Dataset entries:
###
(* For any graph $G$, $\Gamma(G)\le\Gamma(G\uparrow\mathcal{B})$.
   Context: Graphs are finite and simple. A Grundy-coloring of $G$ is a proper coloring with nonempty color classes $C_1,\ldots,C_k$ such that for $i<j$ each vertex of $C_j$ has a neighbor in $C_i$; $\Gamma(G)$ is the maximum number of colors of a Grundy-coloring. A block of $G$ is a maximal 2-connected subgraph or a bridge (as a $K_2$). $G\uparrow\mathcal{B}$ is the graph on $V(G)$ obtained from $G$ by adding an edge between every two non-adjacent vertices that belong to a same block of $G$ (so every block becomes a clique). *)

theory Defs
  imports Main
begin

definition simple_graph :: "'a set \<Rightarrow> 'a set set \<Rightarrow> bool" where
  "simple_graph V E \<longleftrightarrow> finite V \<and>
     (\<forall>e\<in>E. \<exists>x y. x \<noteq> y \<and> x \<in> V \<and> y \<in> V \<and> e = {x, y})"

text \<open>Grundy colouring with colour classes C_1..C_k (class C_i = vertices of colour i).\<close>

definition grundy_coloring :: "'a set \<Rightarrow> 'a set set \<Rightarrow> ('a \<Rightarrow> nat) \<Rightarrow> nat \<Rightarrow> bool" where
  "grundy_coloring V E c k \<longleftrightarrow>
     (\<forall>v\<in>V. c v \<in> {1..k}) \<and>
     (\<forall>i\<in>{1..k}. \<exists>v\<in>V. c v = i) \<and>
     (\<forall>x y. {x, y} \<in> E \<longrightarrow> c x \<noteq> c y) \<and>
     (\<forall>v\<in>V. \<forall>i. 1 \<le> i \<and> i < c v \<longrightarrow> (\<exists>u\<in>V. {u, v} \<in> E \<and> c u = i))"

definition grundy_number :: "'a set \<Rightarrow> 'a set set \<Rightarrow> nat" where
  "grundy_number V E = Max {k. \<exists>c. grundy_coloring V E c k}"

definition connected_graph :: "'a set \<Rightarrow> 'a set set \<Rightarrow> bool" where
  "connected_graph S F \<longleftrightarrow> S \<noteq> {} \<and>
     (\<forall>x\<in>S. \<forall>y\<in>S. (\<lambda>a b. {a, b} \<in> F \<and> a \<in> S \<and> b \<in> S)\<^sup>*\<^sup>* x y)"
###
Repeat the full set of records exactly.

(* For any graph $G$, $\Gamma(G)\le\Gamma(G\uparrow\mathcal{B})$.
   Context: Graphs are finite and simple. A Grundy-coloring of $G$ is a proper coloring with nonempty color classes $C_1,\ldots,C_k$ such that for $i<j$ each vertex of $C_j$ has a neighbor in $C_i$; $\Gamma(G)$ is the maximum number of colors of a Grundy-coloring. A block of $G$ is a maximal 2-connected subgraph or a bridge (as a $K_2$). $G\uparrow\mathcal{B}$ is the graph on $V(G)$ obtained from $G$ by adding an edge between every two non-adjacent vertices that belong to a same block of $G$ (so every block becomes a clique). *)

theory Defs
  imports Main
begin

definition simple_graph :: "'a set \<Rightarrow> 'a set set \<Rightarrow> bool" where
  "simple_graph V E \<longleftrightarrow> finite V \<and>
     (\<forall>e\<in>E. \<exists>x y. x \<noteq> y \<and> x \<in> V \<and> y \<in> V \<and> e = {x, y})"

text \<open>Grundy colouring with colour classes C_1..C_k (class C_i = vertices of colour i).\<close>

definition grundy_coloring :: "'a set \<Rightarrow> 'a set set \<Rightarrow> ('a \<Rightarrow> nat) \<Rightarrow> nat \<Rightarrow> bool" where
  "grundy_coloring V E c k \<longleftrightarrow>
     (\<forall>v\<in>V. c v \<in> {1..k}) \<and>
     (\<forall>i\<in>{1..k}. \<exists>v\<in>V. c v = i) \<and>
     (\<forall>x y. {x, y} \<in> E \<longrightarrow> c x \<noteq> c y) \<and>
     (\<forall>v\<in>V. \<forall>i. 1 \<le> i \<and> i < c v \<longrightarrow> (\<exists>u\<in>V. {u, v} \<in> E \<and> c u = i))"

definition grundy_number :: "'a set \<Rightarrow> 'a set set \<Rightarrow> nat" where
  "grundy_number V E = Max {k. \<exists>c. grundy_coloring V E c k}"

definition connected_graph :: "'a set \<Rightarrow> 'a set set \<Rightarrow> bool" where
  "connected_graph S F \<longleftrightarrow> S \<noteq> {} \<and>
     (\<forall>x\<in>S. \<forall>y\<in>S. (\<lambda>a b. {a, b} \<in> F \<and> a \<in> S \<and> b \<in> S)\<^sup>*\<^sup>* x y)"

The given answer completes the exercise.